Copy number changes and structural variants
Copy number changes and/or structural variants were found in 80 out of 449 (18%) evaluable normal crypts. Five crypts exhibited eight whole chromosome copy number increases which, notably, affected the same three chromosomes: 3, 7 and 9, as well as the X chromosome (Extended Data Fig. 7a). Thus, copy number increases clustered in certain crypts and tended to affect certain chromosomes. No whole chromosome losses were observed. Regions of copy number neutral loss of heterozygosity were observed in 12 crypts, affecting chromosomes 1p, 6p, 7p, 8q, 9q, 10q (twice), 17p, 17q, 18q, 21q and 22q. Five of these copy number changes could be timed and all were estimated to have occurred in adulthood. Two changes that affected the same crypt appeared to be synchronous (Supplementary Results, Extended Data Fig. 7b). Forty–eight large deletions, 18 tandem duplications, four translocations, and two inversions were detected.
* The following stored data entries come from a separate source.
lemma mixed_norm_suminf_le:
  assumes meas[measurable]: "\<And>i m. (\<lambda>\<tau>. h i \<tau> m) \<in> borel_measurable lborel"
  shows "mixed_norm (\<lambda>\<tau> m. \<Sum>i. h i \<tau> m) \<le> (\<Sum>i. mixed_norm (h i))"
  unfolding mixed_norm_def enn_sqrt_le_iff
proof -
  have inner: "(\<integral>\<^sup>+ \<tau>. (\<Sum>i. \<Sum>j. h i \<tau> m * h j \<tau> m) \<partial>lborel)
      = (\<Sum>i. \<Sum>j. (\<integral>\<^sup>+ \<tau>. h i \<tau> m * h j \<tau> m \<partial>lborel))" for m
    by (subst nn_integral_suminf, measurable, intro suminf_cong nn_integral_suminf, measurable)
  have "mixed_norm_sq (\<lambda>\<tau> m. \<Sum>i. h i \<tau> m)
      = (\<integral>\<^sup>+ m. (\<Sum>i. \<Sum>j. (\<integral>\<^sup>+ \<tau>. h i \<tau> m * h j \<tau> m \<partial>lborel)) \<partial>count_space UNIV)"
    unfolding mixed_norm_sq_def power2_suminf_ennreal inner ..
  also have "\<dots> = (\<Sum>i. \<Sum>j. (\<integral>\<^sup>+ m. (\<integral>\<^sup>+ \<tau>. h i \<tau> m * h j \<tau> m \<partial>lborel) \<partial>count_space UNIV))"
    by (subst nn_integral_suminf, simp, intro suminf_cong nn_integral_suminf, simp)
  also have "\<dots> \<le> (\<Sum>i. \<Sum>j. enn_sqrt (mixed_norm_sq (h i)) * enn_sqrt (mixed_norm_sq (h j)))"
    unfolding mixed_norm_sq_def
    by (intro suminf_le summableI allI Cauchy_Schwarz_nn_integral_count_space meas)
  also have "\<dots> = (\<Sum>i. enn_sqrt (mixed_norm_sq (h i)))^2" by (rule power2_suminf_ennreal[symmetric])
  finally show "mixed_norm_sq (\<lambda>\<tau> m. \<Sum>i. h i \<tau> m) \<le> (\<Sum>i. enn_sqrt (mixed_norm_sq (h i)))^2" .
qed

lemma mixed_norm_suminf4_le:
  fixes H :: "nat \<Rightarrow> nat \<Rightarrow> nat \<Rightarrow> nat \<Rightarrow> ennfun"
  assumes mH[measurable]: "\<And>a b c d m. (\<lambda>\<tau>. H a b c d \<tau> m) \<in> borel_measurable lborel"
  shows "mixed_norm (\<lambda>\<tau> m. \<Sum>a. \<Sum>b. \<Sum>c. \<Sum>d. H a b c d \<tau> m) \<le> (\<Sum>a. \<Sum>b. \<Sum>c. \<Sum>d. mixed_norm (H a b c d))"
proof -
  have "mixed_norm (\<lambda>\<tau> m. \<Sum>a. \<Sum>b. \<Sum>c. \<Sum>d. H a b c d \<tau> m) \<le> (\<Sum>a. mixed_norm (\<lambda>\<tau> m. \<Sum>b. \<Sum>c. \<Sum>d. H a b c d \<tau> m))"
    by (rule mixed_norm_suminf_le) measurable
  also have "\<dots> \<le> (\<Sum>a. \<Sum>b. mixed_norm (\<lambda>\<tau> m. \<Sum>c. \<Sum>d. H a b c d \<tau> m))"
    by (intro suminf_le summableI allI mixed_norm_suminf_le) measurable
  also have "\<dots> \<le> (\<Sum>a. \<Sum>b. \<Sum>c. mixed_norm (\<lambda>\<tau> m. \<Sum>d. H a b c d \<tau> m))"
    by (intro suminf_le summableI allI mixed_norm_suminf_le) measurable
  also have "\<dots> \<le> (\<Sum>a. \<Sum>b. \<Sum>c. \<Sum>d. mixed_norm (H a b c d))"
    by (intro suminf_le summableI allI mixed_norm_suminf_le) measurable
  finally show ?thesis .
qed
All were private to a single crypt, except for one deletion which was present in two adjacent crypts sharing few mutations, indicating that the deletion occurred during gestation or early childhood.
Driver mutations
Driver mutations are those that confer a selective advantage during cancer evolution and may, but need not, promote neoplasia38. To search for driver mutations in normal colon, the whole genome sequences of 571 crypts were supplemented with targeted sequencing of 90 known colorectal cancer genes in an additional series of crypts. In total, substitutions in these genes were evaluable in 1,403 crypts and indels in 1,046. Statistical analysis revealed evidence of positive selection on the recessive cancer genes AXIN2 (three truncating mutations, adjusted q value 0.004) and STAG2 (two truncating mutations, adjusted q value 0.038) indicating that these mutations are likely drivers. Additional likely driver mutations were identified in cancer genes characterised by canonical missense hotspot mutations. Nine hotspot mutations in PIK3CA (E542K, R38H), ERBB2 (R678Q, V842I, T862A), ERBB3 (R475W, R667L), and FBXW7 (R505C, R658Q) were observed (Extended Data Fig. 8). Given the specificity of these hotspot mutations, most are likely to be drivers. In addition, heterozygous truncating mutations were found in the recessive cancer genes ARID2, ATM (two), ATR, BRCA2, CDK12 (two), CDKN1B, RNF43 (two), TBL1XR1, and TP53 (Supplementary Table). There was no statistical evidence for selection of truncating mutations in the set of 90 colorectal cancer genes overall. The possibility that some have conferred clonal growth advantage, however, is not excluded. No crypt carried more than one putative driver mutation.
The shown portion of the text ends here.